As a piano teacher in the 1990s, I rarely taught Beethoven’s music. Most of the children I taught didn’t have access to traditional pianos, they were learning on electronic keyboards. I soon put my classical tutor books away and began writing specifically for the keyboard, not by adapting piano music or pop songs, but creating original material for electronic keyboard by embracing the effects available. In those early days, I remember meeting Dame Fanny Waterman, and discussing the challenges for piano teachers in modern schools: she gave me an ad-hoc piano lesson, quite spontaneously! I never forgot her generosity.
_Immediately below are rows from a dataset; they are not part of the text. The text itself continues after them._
(* Let $G=(V,E)$ be a strongly connected digraph and $s\in V$. Then every auxiliary graph $G_r$ (for $r$ the root of a subtree $T(r)$ that is not a leaf of $D(s)$) is strongly connected.
   Context: For a digraph $G=(V,E)$ and $s\in V$ with every vertex reachable from $s$: $u$ dominates $w$ in the flow graph $G(s)$ if every path from $s$ to $w$ contains $u$; the dominator tree $D(s)$ is the rooted tree on $V$ with root $s$ in which $u$ is an ancestor of $w$ iff $u$ dominates $w$; $d(w)$ is the parent of $w\neq s$. An edge $(u,w)$ is a bridge of $G(s)$ if every path from $s$ to $w$ contains it (then $u=d(w)$). A vertex $w\neq s$ is marked if $(d(w),w)$ is a bridge. Deleting from $D(s)$ all edges $(d(w),w)$ with $w$ marked decomposes $D(s)$ into subtrees rooted at $s$ or at marked vertices; $T(v)$ is the subtree containing $v$. A vertex $x\in T(r)$ is a boundary vertex of $T(r)$ if $x$ has a marked child in $D(s)$. Auxiliary graph: for a subtree root $r$ that is not a leaf of $D(s)$, $G_r=(V_r,E_r)$ has ordinary vertices $V_r^o$ = the vertices of $T(r)$ and auxiliary vertices $V_r^a$ consisting of: a copy of each marked child $z$ of each boundary vertex $x$ of $T(r)$ (with the edge $(x,z)$ in $E_r$), and, if $r\neq s$, a copy of $d(r)$ (with the edge $(d(r),r)$ in $E_r$). $E_r$ further contains all edges of $E$ with both endpoints in $T(r)$, plus the following shortcut edges, for each $(u,v)\in E$: (a) if $u\in T(r)$ and $v$ is not a descendant of $r$ in $D(s)$, the edge $(u,d(r))$; (b) if $v\in T(r)$ and $u$ is a descendant in $D(s)$ of a marked child $z$ of a boundary vertex of $T(r)$, the edge $(z,v)$; (c) if $u$ is a descendant in $D(s)$ of a marked child $z$ of a boundary vertex of $T(r)$ and $v$ is not a descendant of $r$ in $D(s)$, the edge $(z,d(r))$. Parallel duplicate edges are not kept. *)

theory Defs
  imports Main
begin

fun walk :: "('a \<times> 'a) set \<Rightarrow> 'a list \<Rightarrow> bool" where
  "walk E [] = False"
| "walk E [x] = True"
| "walk E (x # y # xs) = ((x, y) \<in> E \<and> walk E (y # xs))"

definition path_from_to :: "('a \<times> 'a) set \<Rightarrow> 'a \<Rightarrow> 'a \<Rightarrow> 'a list \<Rightarrow> bool" where
  "path_from_to E x y p \<longleftrightarrow> walk E p \<and> hd p = x \<and> last p = y"

definition edges_of :: "'a list \<Rightarrow> ('a \<times> 'a) set" where
  "edges_of p = set (zip p (tl p))"

definition strongly_connected :: "'v set \<Rightarrow> ('v \<times> 'v) set \<Rightarrow> bool" where
  "strongly_connected V E \<longleftrightarrow> (\<forall>x\<in>V. \<forall>y\<in>V. (x, y) \<in> E\<^sup>*)"

definition dominates :: "'a set \<Rightarrow> ('a \<times> 'a) set \<Rightarrow> 'a \<Rightarrow> 'a \<Rightarrow> 'a \<Rightarrow> bool" where
  "dominates V E s u w \<longleftrightarrow> u \<in> V \<and> w \<in> V \<and>
     (\<forall>p. path_from_to E s w p \<longrightarrow> u \<in> set p)"

definition idom :: "'a set \<Rightarrow> ('a \<times> 'a) set \<Rightarrow> 'a \<Rightarrow> 'a \<Rightarrow> 'a" where
  "idom V E s w = (THE u. dominates V E s u w \<and> u \<noteq> w \<and>
      (\<forall>x. dominates V E s x w \<and> x \<noteq> w \<longrightarrow> dominates V E s x u))"

definition bridge :: "'a set \<Rightarrow> ('a \<times> 'a) set \<Rightarrow> 'a \<Rightarrow> 'a \<Rightarrow> 'a \<Rightarrow> bool" where
  "bridge V E s u w \<longleftrightarrow> (u, w) \<in> E \<and> w \<in> V \<and>
     (\<forall>p. path_from_to E s w p \<longrightarrow> (u, w) \<in> edges_of p)"

definition marked :: "'a set \<Rightarrow> ('a \<times> 'a) set \<Rightarrow> 'a \<Rightarrow> 'a \<Rightarrow> bool" where
  "marked V E s w \<longleftrightarrow> w \<in> V \<and> w \<noteq> s \<and> bridge V E s (idom V E s w) w"

text \<open>r is the root of one of the subtrees obtained from D(s) by deleting the edges
  (d(w),w) with w marked.\<close>
definition subtree_root :: "'a set \<Rightarrow> ('a \<times> 'a) set \<Rightarrow> 'a \<Rightarrow> 'a \<Rightarrow> bool" where
  "subtree_root V E s r \<longleftrightarrow> r \<in> V \<and> (r = s \<or> marked V E s r)"

definition inT :: "'a set \<Rightarrow> ('a \<times> 'a) set \<Rightarrow> 'a \<Rightarrow> 'a \<Rightarrow> 'a \<Rightarrow> bool" where
  "inT V E s r v \<longleftrightarrow> subtree_root V E s r \<and> dominates V E s r v \<and>
     (\<forall>x. marked V E s x \<and> x \<noteq> r \<and> dominates V E s r x \<and> dominates V E s x v \<longrightarrow> False)"

definition marked_child_of_boundary :: "'a set \<Rightarrow> ('a \<times> 'a) set \<Rightarrow> 'a \<Rightarrow> 'a \<Rightarrow> 'a \<Rightarrow> bool" where
  "marked_child_of_boundary V E s r z \<longleftrightarrow> marked V E s z \<and> inT V E s r (idom V E s z)"

definition is_leaf :: "'a set \<Rightarrow> ('a \<times> 'a) set \<Rightarrow> 'a \<Rightarrow> 'a \<Rightarrow> bool" where
  "is_leaf V E s r \<longleftrightarrow> \<not> (\<exists>w\<in>V. w \<noteq> s \<and> idom V E s w = r)"

text \<open>Auxiliary graph G_r: ordinary vertices are Inl v (v in T(r)), auxiliary vertices
  (copies) are Inr x.\<close>
definition aux_vertices :: "'a set \<Rightarrow> ('a \<times> 'a) set \<Rightarrow> 'a \<Rightarrow> 'a \<Rightarrow> ('a + 'a) set" where
  "aux_vertices V E s r =
     Inl ` {v. inT V E s r v}
     \<union> Inr ` {z. marked_child_of_boundary V E s r z}
     \<union> (if r \<noteq> s then {Inr (idom V E s r)} else {})"

definition aux_edges :: "'a set \<Rightarrow> ('a \<times> 'a) set \<Rightarrow> 'a \<Rightarrow> 'a \<Rightarrow> (('a + 'a) \<times> ('a + 'a)) set" where
  "aux_edges V E s r =
     {(Inl (idom V E s z), Inr z) | z. marked_child_of_boundary V E s r z}
     \<union> (if r \<noteq> s then {(Inr (idom V E s r), Inl r)} else {})
     \<union> {(Inl u, Inl v) | u v. (u, v) \<in> E \<and> inT V E s r u \<and> inT V E s r v}
     \<union> {(Inl u, Inr (idom V E s r)) | u v. (u, v) \<in> E \<and> inT V E s r u
            \<and> \<not> dominates V E s r v}
     \<union> {(Inr z, Inl v) | z u v. (u, v) \<in> E \<and> inT V E s r v
            \<and> marked_child_of_boundary V E s r z \<and> dominates V E s z u}
     \<union> {(Inr z, Inr (idom V E s r)) | z u v. (u, v) \<in> E
            \<and> marked_child_of_boundary V E s r z \<and> dominates V E s z u
            \<and> \<not> dominates V E s r v}"

end

theory Submission
  imports Defs
begin

text \<open>
  Every vertex of G_r is linked to the ordinary vertex r in both directions.  To see this we
  project the descendants of r in the dominator tree D(s) onto G_r: a vertex of T(r) goes to its
  ordinary copy, any other descendant w goes to the copy of the unique marked child z of a
  boundary vertex with z dominating w.  The projection turns every edge of G between descendants
  of r into a path of length at most one in G_r (the only edge entering the dominator subtree of
  a marked vertex z is its bridge (d(z), z)), and every edge leaving the descendants of r into an
  edge towards the copy of d(r).  Since r reaches all its descendants without leaving them, and
  every descendant either reaches r inside them or leaves them, reaching the copy of d(r) and then
  r, the theorem follows.
\<close>

definition avoid :: "('a \<times> 'a) set \<Rightarrow> 'a \<Rightarrow> ('a \<times> 'a) set" where
  "avoid F v = {(p, q). (p, q) \<in> F \<and> p \<noteq> v \<and> q \<noteq> v}"

definition no_exit :: "('a \<times> 'a) set \<Rightarrow> 'a \<Rightarrow> ('a \<times> 'a) set" where
  "no_exit F v = {(p, q). (p, q) \<in> F \<and> p \<noteq> v}"

definition no_entry :: "('a \<times> 'a) set \<Rightarrow> 'a \<Rightarrow> ('a \<times> 'a) set" where
  "no_entry F v = {(p, q). (p, q) \<in> F \<and> q \<noteq> v}"

lemma rtrancl_weaken: "(a, b) \<in> R\<^sup>* \<Longrightarrow> R \<subseteq> S \<Longrightarrow> (a, b) \<in> S\<^sup>*"
  using rtrancl_mono by blast

lemma walk_Cons: "walk F (x # p) \<longleftrightarrow> (p = [] \<or> ((x, hd p) \<in> F \<and> walk F p))"
  by (cases p) auto

lemma walk_mono: "walk F p \<Longrightarrow> F \<subseteq> G \<Longrightarrow> walk G p"
  by (induction F p rule: walk.induct) auto

lemma walk_edges: "walk F p \<Longrightarrow> edges_of p \<subseteq> F"
  by (induction F p rule: walk.induct) (auto simp: edges_of_def)

lemma walk_imp_rtrancl: "walk F p \<Longrightarrow> (hd p, last p) \<in> (F \<inter> set p \<times> set p)\<^sup>*"
proof (induction F p rule: walk.induct)
  case (3 F x y xs)
  have "(x, y) \<in> F \<inter> set (x # y # xs) \<times> set (x # y # xs)" using 3 by auto
  moreover have "(y, last (y # xs)) \<in> (F \<inter> set (y # xs) \<times> set (y # xs))\<^sup>*" using 3 by auto
  then have "(y, last (y # xs)) \<in> (F \<inter> set (x # y # xs) \<times> set (x # y # xs))\<^sup>*"
    by (rule rtrancl_weaken) auto
  ultimately have "(x, last (y # xs)) \<in> (F \<inter> set (x # y # xs) \<times> set (x # y # xs))\<^sup>*"
    by (rule converse_rtrancl_into_rtrancl)
  then show ?case by simp
qed auto

lemma rtrancl_imp_walk:
  "(x, y) \<in> F\<^sup>* \<Longrightarrow> \<exists>p. walk F p \<and> hd p = x \<and> last p = y \<and> set p \<subseteq> insert x (Range F)"
proof (induction rule: converse_rtrancl_induct)
  case base
  show ?case by (rule exI[of _ "[y]"]) auto
next
  case (step x z)
  then obtain p where p: "walk F p" "hd p = z" "last p = y" "set p \<subseteq> insert z (Range F)"
    by blast
  have "p \<noteq> []" using p(1) by auto
  then have "walk F (x # p)" using p(1,2) step.hyps(1) by (simp add: walk_Cons)
  moreover have "set (x # p) \<subseteq> insert x (Range F)" using p(4) step.hyps(1) by auto
  ultimately show ?case using p(3) \<open>p \<noteq> []\<close> by (intro exI[of _ "x # p"]) auto
qed

lemma reach_avoiding_iff:
  assumes "x \<noteq> u"
  shows "(x, y) \<in> (avoid F u)\<^sup>* \<longleftrightarrow> (\<exists>p. path_from_to F x y p \<and> u \<notin> set p)"
proof
  assume "(x, y) \<in> (avoid F u)\<^sup>*"
  from rtrancl_imp_walk[OF this] obtain p where p: "walk (avoid F u) p" "hd p = x" "last p = y"
    "set p \<subseteq> insert x (Range (avoid F u))"
    by blast
  have "walk F p" using p(1) by (rule walk_mono) (auto simp: avoid_def)
  moreover have "u \<notin> Range (avoid F u)" by (auto simp: avoid_def)
  then have "u \<notin> set p" using p(4) assms by blast
  ultimately show "\<exists>p. path_from_to F x y p \<and> u \<notin> set p"
    using p(2,3) unfolding path_from_to_def by blast
next
  assume "\<exists>p. path_from_to F x y p \<and> u \<notin> set p"
  then obtain p where p: "walk F p" "hd p = x" "last p = y" "u \<notin> set p"
    by (auto simp: path_from_to_def)
  have "(x, y) \<in> (F \<inter> set p \<times> set p)\<^sup>*" using walk_imp_rtrancl[OF p(1)] p by simp
  moreover have "F \<inter> set p \<times> set p \<subseteq> avoid F u" using p(4) by (auto simp: avoid_def)
  ultimately show "(x, y) \<in> (avoid F u)\<^sup>*" by (rule rtrancl_weaken)
qed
We’re lucky that there were many biographers during Beethoven’s day, capturing his life in so much detail. It would’ve been wonderful to meet him: he had a real knack for friendship and warmth even though he was tremendously volatile. If there was a key moment in his life that I could witness,it’d be when he took custody of his nephew, Karl. Sadly, the qualities that made Beethoven a great artist-idealism, perfectionism- didn’t translate into being a good parent figure: it’s a shame that no one was able to intervene at that moment and warn him that the pressure he put on Karl could lead to tragedy.
I feel so lucky to have witnessed some of the greatest living exponents of Beethoven’s piano music through my work. Hearing Artur Pizarro perform the full cycle of sonatas at St John’s Smith Square, in the early 2000s, is one of my great highlights- I really admire his playing, he’s such an intelligent musician with lots to say. Witnessing rehearsals, hearing the corners that great pianists practise over and over again is always fascinating. Paul Lewis and Angela Hewitt are two other pianists whose interpretations of Beethoven I admire: Paul’s playing is so direct and and exciting, and Angela taps in to the romanticism and the humour. Beethoven’s humour is often lost when we’re learning, focussed on the technical aspects of his writing.
Hearing Sunwook Kim recently play-direct Beethoven’s Emperor Concerto with the BSO- and make his European conducting debut with the Seventh Symphony-was pure joy. We may be 251 years on from Beethoven’s death, but this music remains fresh and full of life!